Starting the Pruning Rounds

I know it's still midwinter, but during those few warm (40-50F) days we get this time of year, I'm itching to get outside and "do something." One gardening activity that I start now and hope to complete before the buds on trees and shrubs begin to swell is pruning.

Pruning Fruit Trees

With a good snow cover this year, it's actually easy to prune the semi-dwarf fruit trees in my yard. The 'Northstar' sour cherries grow to only 8 feet tall, so with a hand pruner I can walk around the tree on top of the snow removing dead, diseased, broken, and crossing branches. I particularly look for branches with a sappy golden ooze extruding from the bark. This is a sign of possible disease, and I remove and destroy those branches.

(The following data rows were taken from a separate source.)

lemma matrix_inv_congruence:
  fixes A S :: "real^'n^'n"
  assumes "invertible A" "invertible S"
  shows "matrix_inv (A ** S ** transpose A) = transpose (matrix_inv A) ** matrix_inv S ** matrix_inv A"
proof (rule matrix_inv_eqI)
  have "transpose (matrix_inv A) ** matrix_inv S ** matrix_inv A ** (A ** S ** transpose A)
      = transpose (matrix_inv A) ** (matrix_inv S ** ((matrix_inv A ** A) ** S)) ** transpose A"
    by (simp add: matrix_mul_assoc)
  also have "\<dots> = transpose (matrix_inv A) ** transpose A"
    by (simp add: matrix_inv_left assms)
  also have "\<dots> = transpose (A ** matrix_inv A)"
    by (rule matrix_transpose_mul[symmetric])
  also have "\<dots> = mat 1"
    by (simp add: matrix_inv_right assms)
  finally show "transpose (matrix_inv A) ** matrix_inv S ** matrix_inv A ** (A ** S ** transpose A) = mat 1" .
qed

lemma inner_matrix_vector_transpose:
  fixes M :: "real^'n^'m"
  shows "x \<bullet> (M *v y) = (transpose M *v x) \<bullet> y"
  by (simp add: dot_lmul_matrix)

lemma inner_symmetric_matrix:
  fixes M :: "real^'n^'n"
  assumes "transpose M = M"
  shows "x \<bullet> (M *v y) = y \<bullet> (M *v x)"
  by (metis assms inner_commute inner_matrix_vector_transpose)

lemma quadratic_form_add:
  fixes M :: "real^'n^'n"
  assumes "transpose M = M"
  shows "(u + v) \<bullet> (M *v (u + v)) = u \<bullet> (M *v u) + 2 * (v \<bullet> (M *v u)) + v \<bullet> (M *v v)"
  using inner_symmetric_matrix[OF assms, of u v]
  by (simp add: matrix_vector_right_distrib inner_add_left inner_add_right)

lemma symmetric_matrix_eq_0_if_quadratic_form_0:
  fixes M :: "real^'n^'n"
  assumes "transpose M = M" and "\<And>v. v \<bullet> (M *v v) = 0"
  shows "M = 0"
proof -
  have "M *v v = 0" for v
    using quadratic_form_add[OF assms(1), of v "M *v v"] assms(2)[of v] assms(2)[of "M *v v"]
      assms(2)[of "v + M *v v"] by simp
  then show ?thesis by (simp add: matrix_eq)
qed

lemma sym_posdef_invertible:
  assumes "sym_posdef M"
  shows "invertible M"
proof -
  have "inj ((*v) M)"
  proof (rule injI)
    fix x y assume "M *v x = M *v y"
    then have "(x - y) \<bullet> (M *v (x - y)) = 0" by (simp add: matrix_vector_mult_diff_distrib)
    then show "x = y"
      using assms unfolding sym_posdef_def by (metis less_irrefl right_minus_eq)
  qed
  then show ?thesis using matrix_left_invertible_injective invertible_left_inverse by blast
qed

lemma sym_posdef_congruence:
  fixes A S :: "real^'n^'n"
  assumes "invertible A" and "sym_posdef S"
  shows "sym_posdef (A ** S ** transpose A)"
  unfolding sym_posdef_def
proof safe
  show "transpose (A ** S ** transpose A) = A ** S ** transpose A"
    using assms(2) by (simp add: sym_posdef_def matrix_transpose_mul matrix_mul_assoc)
  fix x :: "real^'n" assume "x \<noteq> 0"
  then have "transpose A *v x \<noteq> 0"
    using transpose_invertible[OF assms(1)] matrix_inv_vector_cancel(1) by (metis matrix_vector_mult_0_right)
  then have "0 < (transpose A *v x) \<bullet> (S *v (transpose A *v x))"
    using assms(2) by (simp add: sym_posdef_def)
  also have "\<dots> = x \<bullet> ((A ** S ** transpose A) *v x)"
    by (simp add: inner_matrix_vector_transpose[of x A] matrix_vector_mul_assoc[symmetric])
  finally show "0 < x \<bullet> ((A ** S ** transpose A) *v x)" .
qed

lemma sym_posdef_matrix_inv:
  assumes "sym_posdef S"
  shows "sym_posdef (matrix_inv S)"
proof -
  have inv: "invertible S" using sym_posdef_invertible[OF assms] .
  then have "invertible (matrix_inv S)"
    using invertible_left_inverse matrix_inv_right by blast
  then have "sym_posdef (matrix_inv S ** S ** transpose (matrix_inv S))"
    using sym_posdef_congruence assms by blast
  moreover have "transpose (matrix_inv S) = matrix_inv S"
    using assms inv by (simp add: transpose_matrix_inv sym_posdef_def)
  ultimately show ?thesis by (simp add: matrix_inv_left[OF inv])
qed

lemma quadratic_diff_const_on_ball_imp_eq:
  fixes P Q :: "real^'n^'n"
  assumes symP: "transpose P = P" and symQ: "transpose Q = Q" and "r > 0"
    and const: "\<And>y. y \<in> ball y0 r \<Longrightarrow> (y - m) \<bullet> (P *v (y - m)) - (y - n) \<bullet> (Q *v (y - n)) = C"
  shows "P = Q" and "P *v (y0 - m) = Q *v (y0 - n)"
proof -
  define D where "D = P *v (y0 - m) - Q *v (y0 - n)"
  define B where "B = P - Q"
  have symB: "transpose B = B"
    using symP symQ by (simp add: B_def transpose_def vec_eq_iff)
  have shift: "(y0 + v - m) \<bullet> (P *v (y0 + v - m)) - (y0 + v - n) \<bullet> (Q *v (y0 + v - n))
      = C + 2 * (v \<bullet> D) + v \<bullet> (B *v v)" for v
  proof -
    have e: "y0 + v - m = (y0 - m) + v" "y0 + v - n = (y0 - n) + v" by simp_all
    show ?thesis
      unfolding e quadratic_form_add[OF symP] quadratic_form_add[OF symQ]
      using const[of y0] \<open>r > 0\<close>
      by (simp add: D_def B_def inner_diff_right matrix_vector_mult_diff_rdistrib)
  qed
  \<comment> \<open>comparing \<open>y0 + v\<close> with \<open>y0 - v\<close> separates the linear and the quadratic term in \<open>v\<close>\<close>
  have small: "v \<bullet> D = 0 \<and> v \<bullet> (B *v v) = 0" if "norm v < r" for v
  proof -
    have "y0 + v \<in> ball y0 r" "y0 + - v \<in> ball y0 r" using that by (simp_all add: dist_norm)
    moreover have "B *v (- v) = - (B *v v)"
      using matrix_vector_mult_diff_distrib[of B 0 v] by simp
    ultimately have "2 * (v \<bullet> D) + v \<bullet> (B *v v) = 0" "- 2 * (v \<bullet> D) + v \<bullet> (B *v v) = 0"
      using shift[of v] shift[of "- v"] const by auto
    then show ?thesis by linarith
  qed
  have all: "v \<bullet> D = 0 \<and> v \<bullet> (B *v v) = 0" for v
  proof (cases "v = 0")
    case False
    define t where "t = r / (2 * norm v)"
    have "t > 0" "norm (t *\<^sub>R v) < r"
      using False \<open>r > 0\<close> by (simp_all add: t_def)
    then show ?thesis
      using small[of "t *\<^sub>R v"] by (simp add: matrix_vector_mult_scaleR)
  qed simp
  show "P = Q"
    using symmetric_matrix_eq_0_if_quadratic_form_0[OF symB] all by (simp add: B_def)
  show "P *v (y0 - m) = Q *v (y0 - n)"
    using all[of D] by (simp add: D_def)
qed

My plum and apple trees have good branch structure from my diligent pruning in their youth. So now I find myself just removing root suckers and water sprouts. Water sprouts are those one-year-old branches that grow straight up, usually near a previous pruning cut. Again, with a hand pruner I remove those branches. I try not to prune too much because the more I do, the more water sprouts grow up for me to prune next year.

Pruning the Top

Some of my plums are reaching 20 feet tall, and I like to keep them shorter for easier harvesting and care. I'll break out the pole pruner for this chore. Pole pruners have a blade at the end of a pole that can extend 20 feet. By using the pole pruner, I avoid the precarious act of balancing on a ladder while pruning. I try to cut main branches out of the top of the tree at a spot where a downward or horizontal side branch is growing. That way, the new growth won't grow vertical next year.

Cleaning Up

After pruning, I remove and destroy the branches I cut, saving some for forcing indoors. I don't paint or treat the pruning cuts with any material, since clean cuts made close to the branch will heal quickly on their own.

The berry bushes and woody shrubs are still snowbound, so I'll be out again next month to continue the pruning rounds once the snow subsides.